Re: More math than perl...
am 06.10.2007 02:34:26 von Tad McClellan
Bill H wrote:
> On Oct 5, 5:44 pm, Charlton Wilbur wrote:
>> >>>>> "BH" == Bill H writes:
>>
>> BH> The problem I have (and I hope I am explaining this right), to
>> BH> calculate a median, I have to make an array that contains all
>> BH> the values, sorted from low to high, and then look at the
>> BH> value of the element in the middle to get the median.
>> Alternately, if you did the sensible thing and kept $RATE0 through
>> $RATE5 in an array, you could say, much more elegantly,
>>
>> my @array = map { ($_) x $RATE[$_] } (0..5);
>> --
>> Charlton Wilbur
>> cwil...@chromatico.net
[ it is bad 'net manners to quote .sigs ...]
> Thanks Charlton, but would this not still make a large array if the
> total number of people is high (unles I am missing something in it).
How many hundreds of thousands of people do you expect
will take your survey?
--
Tad McClellan
email: perl -le "print scalar reverse qq/moc.noitatibaher\100cmdat/"
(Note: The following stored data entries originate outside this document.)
(* Let $S$ be a densely defined symmetric operator on a Hilbert space $\mathcal{H}$ and $V\ge0$ a bounded everywhere defined non-negative operator. Let $\mathcal{V}\subset\mathcal{D}(S^* )$ be a subspace with $\mathcal{V}\cap\mathcal{D}(S)=\{0\}$, let $\mathcal{L}:\mathcal{V}\to\mathcal{H}$ be linear, let $S_{\mathcal{V},\mathcal{L}}$ be the operator with domain $\mathcal{D}(S)\dot{+}\mathcal{V}$ acting by $f+v\mapsto S^*(f+v)+\mathcal{L}v$, and let $S_{\mathcal{V}}:=S_{\mathcal{V},0}=S^*\upharpoonright_{\mathcal{D}(S)\dot{+}\mathcal{V}}$. (i) If $S_{\mathcal{V}}$ is symmetric, then $S_{\mathcal{V}}+iV$ is the only dissipative extension of $S+iV$ with domain equal to $\mathcal{D}(S_{\mathcal{V}})$. Moreover, if $\mathcal{L}\neq0$, there is no $\gamma\in\mathbb{R}^+$ such that $\mathrm{Im}\langle\psi,(S_{\mathcal{V},\mathcal{L}}+iV)\psi\rangle\ge-\gamma\|\psi\|^2$ for all $\psi\in\mathcal{D}(S_{\mathcal{V},\mathcal{L}})$. (ii) If there exists $v\in\mathcal{V}$ with $\mathrm{Im}\langle v,S_{\mathcal{V}}v\rangle<0$, then there exists no linear $\mathcal{L}:\mathcal{V}\to\mathcal{H}$ and no bounded non-negative operator $V\ge0$ such that $S_{\mathcal{V},\mathcal{L}}+iV$ is dissipative. (iii) If there exists $\varepsilon>0$ such that $\mathrm{Im}\langle v,S_{\mathcal{V}}v\rangle\ge\varepsilon\|v\|^2$ for all $v\in\mathcal{V}$ and $\mathcal{L}$ is bounded, then $$\mathrm{Im}\langle\psi,S_{\mathcal{V},\mathcal{L}}\psi\rangle\ge-\frac{\|\mathcal{L}\|^2}{4\varepsilon}\|\psi\|^2\quad\text{for all }\psi\in\mathcal{D}(S_{\mathcal{V},\mathcal{L}}).$$ In particular, for any bounded $V\ge\frac{\|\mathcal{L}\|^2}{4\varepsilon}$ we get $\mathrm{Im}\langle\psi,(S_{\mathcal{V},\mathcal{L}}+iV)\psi\rangle\ge0$ for all $\psi\in\mathcal{D}(S_{\mathcal{V},\mathcal{L}})$.
   Context: The inner product is antilinear in the first argument. A densely defined operator $B$ is dissipative if $\mathrm{Im}\langle\psi,B\psi\rangle\ge0$ for all $\psi\in\mathcal{D}(B)$. An extension of $S+iV$ means an operator extending $S+iV$ defined on $\mathcal{D}(S)$. *)

theory Defs
  imports "HOL-Analysis.Analysis"
begin

text \<open>Complex inner product spaces (the library only has real inner product spaces).
  The inner product is antilinear in the first argument and linear in the second;
  the norm is the one induced by the inner product.  A complex Hilbert space is a
  type of class complex_inner that is also a complete_space.\<close>

class complex_inner = real_normed_vector +
  fixes scaleC :: "complex \<Rightarrow> 'a \<Rightarrow> 'a" (infixr "*\<^sub>C" 75)
    and cinner :: "'a \<Rightarrow> 'a \<Rightarrow> complex"
  assumes scaleC_add_right: "a *\<^sub>C (x + y) = a *\<^sub>C x + a *\<^sub>C y"
    and scaleC_add_left: "(a + b) *\<^sub>C x = a *\<^sub>C x + b *\<^sub>C x"
    and scaleC_scaleC: "a *\<^sub>C (b *\<^sub>C x) = (a * b) *\<^sub>C x"
    and scaleC_one: "1 *\<^sub>C x = x"
    and scaleR_scaleC: "scaleR r x = complex_of_real r *\<^sub>C x"
    and cinner_add_right: "cinner x (y + z) = cinner x y + cinner x z"
    and cinner_scaleC_right: "cinner x (a *\<^sub>C y) = a * cinner x y"
    and cinner_commute: "cinner y x = cnj (cinner x y)"
    and cinner_self_norm: "cinner x x = complex_of_real ((norm x)\<^sup>2)"

definition csubspace :: "'a::complex_inner set \<Rightarrow> bool" where
  "csubspace U \<longleftrightarrow> 0 \<in> U \<and> (\<forall>x\<in>U. \<forall>y\<in>U. x + y \<in> U) \<and> (\<forall>c. \<forall>x\<in>U. c *\<^sub>C x \<in> U)"
lemma card_few_common_neighbours_le:
  fixes \<rho>1 \<rho>2 \<gamma> K1 K2 :: real
  assumes XX0: "X \<subseteq> X0" and X0: "finite X0" and Y: "finite Y" and Z: "finite Z" and Xne: "X \<noteq> {}"
    and hom1: "\<And>A B. A \<subseteq> X0 \<Longrightarrow> B \<subseteq> Y \<Longrightarrow> rel_count R1 A B \<ge> \<rho>1 * card A * card B - K1"
    and hom2: "\<And>A B. A \<subseteq> X0 \<Longrightarrow> B \<subseteq> Z \<Longrightarrow> rel_count R2 A B \<ge> \<rho>2 * card A * card B - K2"
    and \<gamma>: "\<gamma> > 0" "\<rho>1 - \<gamma> > 0" "\<rho>2 - \<gamma> \<ge> 0"
  shows "card {p\<in>Y \<times> Z. card {u\<in>X. R1 u (fst p) \<and> R2 u (snd p)} < (\<rho>1 - \<gamma>) * (\<rho>2 - \<gamma>) * card X}
          \<le> K1 * card Z / (\<gamma> * card X) + card Y * K2 / (\<gamma> * (\<rho>1 - \<gamma>) * card X)"
proof -
  have X: "finite X" using XX0 X0 finite_subset by auto
  have cX: "real (card X) > 0" using X Xne by (simp add: card_gt_0_iff)
  define A where "A v = {u\<in>X. R1 u v}" for v
  define B1 where "B1 = {v\<in>Y. rel_count R1 X {v} < (\<rho>1 - \<gamma>) * card X}"
  define B2 where "B2 v = {w\<in>Z. rel_count R2 (A v) {w} < (\<rho>2 - \<gamma>) * card (A v)}" for v
  have K2: "K2 \<ge> 0" using hom2[of "{}" "{}"] by (simp add: rel_count_def)
  have "\<gamma> * card B1 * card X \<le> K1"
    unfolding B1_def by (rule card_low_codegree_le[OF X Y \<gamma>(1)]) (use hom1 XX0 in auto)
  then have "card B1 \<le> K1 / (\<gamma> * card X)" using \<gamma> cX by (simp add: field_simps)
  then have B1: "card B1 * card Z \<le> K1 * card Z / (\<gamma> * card X)"
    using mult_right_mono[of _ _ "real (card Z)"] by fastforce
  have B2: "card (B2 v) \<le> K2 / (\<gamma> * (\<rho>1 - \<gamma>) * card X)" if v: "v \<in> Y - B1" for v
  proof -
    have AX: "A v \<subseteq> X" unfolding A_def by auto
    have "\<gamma> * card (B2 v) * card (A v) \<le> K2"
      unfolding B2_def using X AX finite_subset
      by (intro card_low_codegree_le[OF _ Z \<gamma>(1)]) (use hom2 AX XX0 in auto)
    moreover have "(\<rho>1 - \<gamma>) * card X \<le> card (A v)"
      using v X unfolding B1_def A_def by (auto simp: rel_count_column not_less)
    ultimately have "\<gamma> * card (B2 v) * ((\<rho>1 - \<gamma>) * card X) \<le> K2"
      using \<gamma> by (smt (verit) mult_left_mono mult_nonneg_nonneg of_nat_0_le_iff)
    then show ?thesis using \<gamma> cX by (simp add: field_simps)
  qed
  have "card {p\<in>Y \<times> Z. card {u\<in>X. R1 u (fst p) \<and> R2 u (snd p)} < (\<rho>1 - \<gamma>) * (\<rho>2 - \<gamma>) * card X}
      \<le> card (B1 \<times> Z \<union> Sigma (Y - B1) B2)"
    using few_common_neighbours_subset[OF X \<gamma>(3), of Y Z R1 R2 "\<rho>1 - \<gamma>"] Y Z
    by (intro card_mono) (auto simp: A_def B1_def B2_def)
  also have "\<dots> \<le> card (B1 \<times> Z) + card (Sigma (Y - B1) B2)" by (rule card_Un_le)
  also have "card (Sigma (Y - B1) B2) = (\<Sum>v\<in>Y - B1. card (B2 v))"
    using Y Z by (simp add: card_SigmaI B2_def)
  finally have "card {p\<in>Y \<times> Z. card {u\<in>X. R1 u (fst p) \<and> R2 u (snd p)} < (\<rho>1 - \<gamma>) * (\<rho>2 - \<gamma>) * card X}
      \<le> real (card B1) * card Z + (\<Sum>v\<in>Y - B1. real (card (B2 v)))"
    by (simp add: card_cartesian_product flip: of_nat_add of_nat_mult of_nat_sum)
  also have "(\<Sum>v\<in>Y - B1. real (card (B2 v))) \<le> (\<Sum>v\<in>Y - B1. K2 / (\<gamma> * (\<rho>1 - \<gamma>) * card X))"
    by (intro sum_mono B2)
  also have "\<dots> = card (Y - B1) * (K2 / (\<gamma> * (\<rho>1 - \<gamma>) * card X))" by simp
  also have "\<dots> \<le> card Y * (K2 / (\<gamma> * (\<rho>1 - \<gamma>) * card X))"
    using Y K2 \<gamma> cX by (intro mult_right_mono) (auto simp: card_mono)
  finally show ?thesis using B1 by simp
qed

section \<open>A greedy embedding along dense regular pairs\<close>

locale greedy_embedding =
  fixes k :: nat and P :: "nat \<Rightarrow> 'a set" and E :: "'a \<Rightarrow> 'a \<Rightarrow> bool"
    and dense :: "nat \<Rightarrow> nat \<Rightarrow> bool" and \<rho> :: "nat \<Rightarrow> nat \<Rightarrow> real"
    and F :: "'a \<Rightarrow> 'a \<Rightarrow> real" and Bd \<epsilon> \<gamma> \<tau> :: real
  assumes finite_parts: "\<And>i. i < k \<Longrightarrow> finite (P i)"
    and dense_sym: "\<And>i j. dense i j = dense j i"
    and dense_density: "\<And>i j. dense i j \<Longrightarrow> \<tau> \<le> \<rho> i j \<and> \<rho> i j \<le> 1"
    and dense_nonempty: "\<And>i j. dense i j \<Longrightarrow> card (P i) > 0"
    and dense_homogeneous: "\<And>i j A B. dense i j \<Longrightarrow> A \<subseteq> P i \<Longrightarrow> B \<subseteq> P j \<Longrightarrow>
               \<bar>rel_count E A B - \<rho> i j * card A * card B\<bar> \<le> \<epsilon> * card (P i) * card (P j)"
    and F_bounds: "\<And>u v. 0 \<le> F u v \<and> F u v \<le> Bd"
    and F_nonedge: "\<And>u v. \<not> E u v \<Longrightarrow> F u v = 0"
    and gamma_pos: "0 < \<gamma>" and gamma_le_half_tau: "2 * \<gamma> \<le> \<tau>" and tau_le_1: "\<tau> \<le> 1"
    and eps_nonneg: "0 \<le> \<epsilon>"
    and eps_small: "4 * k * \<epsilon> / (\<gamma> * (\<tau> - \<gamma>) * ((\<tau> - \<gamma>) ^ k)^2) \<le> 1 / 2"
begin

definition \<alpha> :: real where
  "\<alpha> = (\<tau> - \<gamma>) ^ k"

definition \<beta> :: real where
  "\<beta> = 4 * k * \<epsilon> / (\<gamma> * (\<tau> - \<gamma>) * \<alpha>^2)"

lemma beta_le_half: "\<beta> \<le> 1 / 2"
  using eps_small unfolding \<beta>_def \<alpha>_def .

(* The vertices t 0, t 1, ... are chosen one part at a time.  Once t 0, ..., t (l - 1) are fixed,
   cand l t j is the set of candidates for t j (pairs that are not dense are linked by the
   complete relation, so only dense pairs restrict it), and potential l t is the weight realised so
   far plus the expected remaining weight if every later t j were drawn uniformly from its
   candidate set.  Choosing t l among the typical candidates keeps all later candidate sets
   large and loses at most step_loss of the potential. *)

definition link :: "nat \<Rightarrow> nat \<Rightarrow> 'a \<Rightarrow> 'a \<Rightarrow> bool" where
  "link i j u v = (if dense i j then E u v else True)"

definition link_density :: "nat \<Rightarrow> nat \<Rightarrow> real" where
  "link_density i j = (if dense i j then \<rho> i j else 1)"

definition N :: "nat \<Rightarrow> real" where
  "N i = real (card (P i))"

definition dense_size :: "nat \<Rightarrow> nat \<Rightarrow> real" where
  "dense_size i j = (if dense i j then N i * N j else 0)"

definition dense_weight :: "nat \<Rightarrow> nat \<Rightarrow> real" where
  "dense_weight i j = dense_size i j * link_density i j"

definition cand :: "nat \<Rightarrow> (nat \<Rightarrow> 'a) \<Rightarrow> nat \<Rightarrow> 'a set" where
  "cand l t j = {v\<in>P j. \<forall>i<l. link i j (t i) v}"

definition gain :: "nat \<Rightarrow> (nat \<Rightarrow> 'a) \<Rightarrow> nat \<Rightarrow> 'a \<Rightarrow> real" where
  "gain l t j v = (\<Sum>i<l. dense_weight i j * F (t i) v)"

definition realized :: "nat \<Rightarrow> (nat \<Rightarrow> 'a) \<Rightarrow> real" where
  "realized l t = (\<Sum>j<l. gain j t j (t j))"

definition pending :: "nat \<Rightarrow> (nat \<Rightarrow> 'a) \<Rightarrow> real" where
  "pending l t = (\<Sum>j\<in>{l..<k}. avg (cand l t j) (gain l t j))"

definition future :: "nat \<Rightarrow> (nat \<Rightarrow> 'a) \<Rightarrow> real" where
  "future l t = (\<Sum>i\<in>{l..<k}. \<Sum>j\<in>{i<..<k}. dense_size i j * avg2 (cand l t i) (cand l t j) F)"

definition potential :: "nat \<Rightarrow> (nat \<Rightarrow> 'a) \<Rightarrow> real" where
  "potential l t = realized l t + pending l t + future l t"

definition cands_large :: "nat \<Rightarrow> (nat \<Rightarrow> 'a) \<Rightarrow> bool" where
  "cands_large l t = (\<forall>j\<in>{l..<k}. real (card (cand l t j)) \<ge> (\<tau> - \<gamma>) ^ l * N j)"

definition typical :: "nat \<Rightarrow> (nat \<Rightarrow> 'a) \<Rightarrow> 'a set" where
  "typical l t = {u\<in>cand l t l. \<forall>j\<in>{l<..<k}.
      (link_density l j - \<gamma>) * card (cand l t j) \<le> rel_count (link l j) {u} (cand l t j) \<and>
      rel_count (link l j) {u} (cand l t j) \<le> (link_density l j + \<gamma>) * card (cand l t j)}"

definition n :: real where
  "n = (\<Sum>i<k. N i)"

definition step_loss :: real where
  "step_loss = Bd * n^2 * (8 * \<gamma> / \<tau> + 6 * \<beta>)"

lemma tau_gamma: "\<tau> - \<gamma> \<ge> \<gamma>" "\<tau> - \<gamma> > 0" "\<tau> - \<gamma> \<le> 1" "\<tau> > 0"
  using gamma_pos gamma_le_half_tau tau_le_1 by auto

lemma alpha_pos: "\<alpha> > 0" unfolding \<alpha>_def using tau_gamma by simp
lemma alpha_le_power: "l \<le> k \<Longrightarrow> \<alpha> \<le> (\<tau> - \<gamma>) ^ l"
  unfolding \<alpha>_def using tau_gamma by (intro power_decreasing) auto
lemma link_density_bounds: "\<tau> \<le> link_density i j" "link_density i j \<le> 1"
  unfolding link_density_def using dense_density tau_le_1 by auto

lemma N_nonneg: "N i \<ge> 0" unfolding N_def by simp

lemma dense_size_nonneg: "dense_size i j \<ge> 0" unfolding dense_size_def using N_nonneg by simp
lemma dense_size_le: "dense_size i j \<le> N i * N j" unfolding dense_size_def using N_nonneg by simp
lemma dense_weight_nonneg: "dense_weight i j \<ge> 0" unfolding dense_weight_def
  using dense_size_nonneg link_density_bounds tau_gamma
  by (meson mult_nonneg_nonneg order_trans less_imp_le)
lemma dense_weight_le: "dense_weight i j \<le> N i * N j"
proof -
  have "dense_weight i j \<le> dense_size i j * 1" unfolding dense_weight_def
    using dense_size_nonneg link_density_bounds by (intro mult_left_mono) auto
  then show ?thesis using dense_size_le[of i j] by simp
qed

lemma cand_subset: "cand l t j \<subseteq> P j" unfolding cand_def by auto
lemma finite_cand: "j < k \<Longrightarrow> finite (cand l t j)" using finite_parts cand_subset finite_subset by metis
lemma cand_0: "cand 0 t j = P j" unfolding cand_def by simp
lemma cand_Suc: "cand (Suc l) (t(l := u)) j = {v\<in>cand l t j. link l j u v}"
  unfolding cand_def by (auto simp: less_Suc_eq)
lemma gain_upd: "gain l (t(l := u)) j = gain l t j" unfolding gain_def by (intro ext sum.cong) auto
lemma gain_Suc: "gain (Suc l) (t(l := u)) j v = gain l t j v + dense_weight l j * F u v"
  unfolding gain_def by (simp add: gain_def)
lemma gain_upd_le: "j \<le> l \<Longrightarrow> gain j (t(l := u)) i = gain j t i" unfolding gain_def
  by (intro ext sum.cong) auto
lemma realized_Suc: "realized (Suc l) (t(l := u)) = realized l t + gain l t l u"
proof -
  have "realized (Suc l) (t(l := u)) = (\<Sum>j<l. gain j (t(l := u)) j ((t(l := u)) j)) + gain l (t(l := u)) l u"
    unfolding realized_def by simp
  also have "(\<Sum>j<l. gain j (t(l := u)) j ((t(l := u)) j)) = realized l t"
    unfolding realized_def by (intro sum.cong) (auto simp: gain_upd_le)
  finally show ?thesis by (simp only: gain_upd)
qed

lemma gain_nonneg: "gain l t j v \<ge> 0" unfolding gain_def using dense_weight_nonneg F_bounds
  by (intro sum_nonneg mult_nonneg_nonneg) auto

lemma N_le_n: "i < k \<Longrightarrow> N i \<le> n"
  unfolding n_def using N_nonneg by (intro member_le_sum) auto

lemma gain_le: "l \<le> k \<Longrightarrow> gain l t j v \<le> Bd * n * N j"
proof -
  assume l: "l \<le> k"
  have "gain l t j v \<le> (\<Sum>i<l. N i * N j * Bd)"
    unfolding gain_def using dense_weight_le dense_weight_nonneg F_bounds N_nonneg
    by (intro sum_mono mult_mono) (auto intro: mult_nonneg_nonneg)
  also have "\<dots> = (\<Sum>i<l. N i) * N j * Bd" by (simp add: sum_distrib_right)
  also have "\<dots> \<le> (\<Sum>i<k. N i) * N j * Bd"
    using l N_nonneg F_bounds[of undefined undefined]
    by (intro mult_right_mono sum_mono2) (auto intro: mult_nonneg_nonneg)
  finally show ?thesis unfolding n_def by (simp add: algebra_simps)
qed

lemma link_homogeneous:
  assumes "l < k" "j < k" "l \<noteq> j" "A \<subseteq> P l" "B \<subseteq> P j"
  shows "\<bar>rel_count (link l j) A B - link_density l j * card A * card B\<bar> \<le> \<epsilon> * N l * N j"
proof (cases "dense l j")
  case True
  have "link l j = E" using True unfolding link_def by (intro ext) auto
  then show ?thesis using dense_homogeneous[OF True assms(4,5)] True unfolding link_density_def N_def
    by simp
next
  case False
  have "link l j = (\<lambda>_ _. True)" using False unfolding link_def by (intro ext) auto
  moreover have "finite A" "finite B" using assms finite_parts finite_subset by metis+
  ultimately show ?thesis using False eps_nonneg N_nonneg unfolding link_density_def
    by (simp add: rel_count_True)
qed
Re: More math than perl...
am 06.10.2007 03:40:27 von Peter Jamieson
"Bill H" wrote in message
news:1191618738.361537.183720@o3g2000hsb.googlegroups.com...
> Background:
>
> I have a routine I am writing in perl that will give me the median for
> a 0 to 5 rating. The ratings are stored in a file and I load the
> values into 7 different variables, RATE0 - RATE5 and one called TOTAL.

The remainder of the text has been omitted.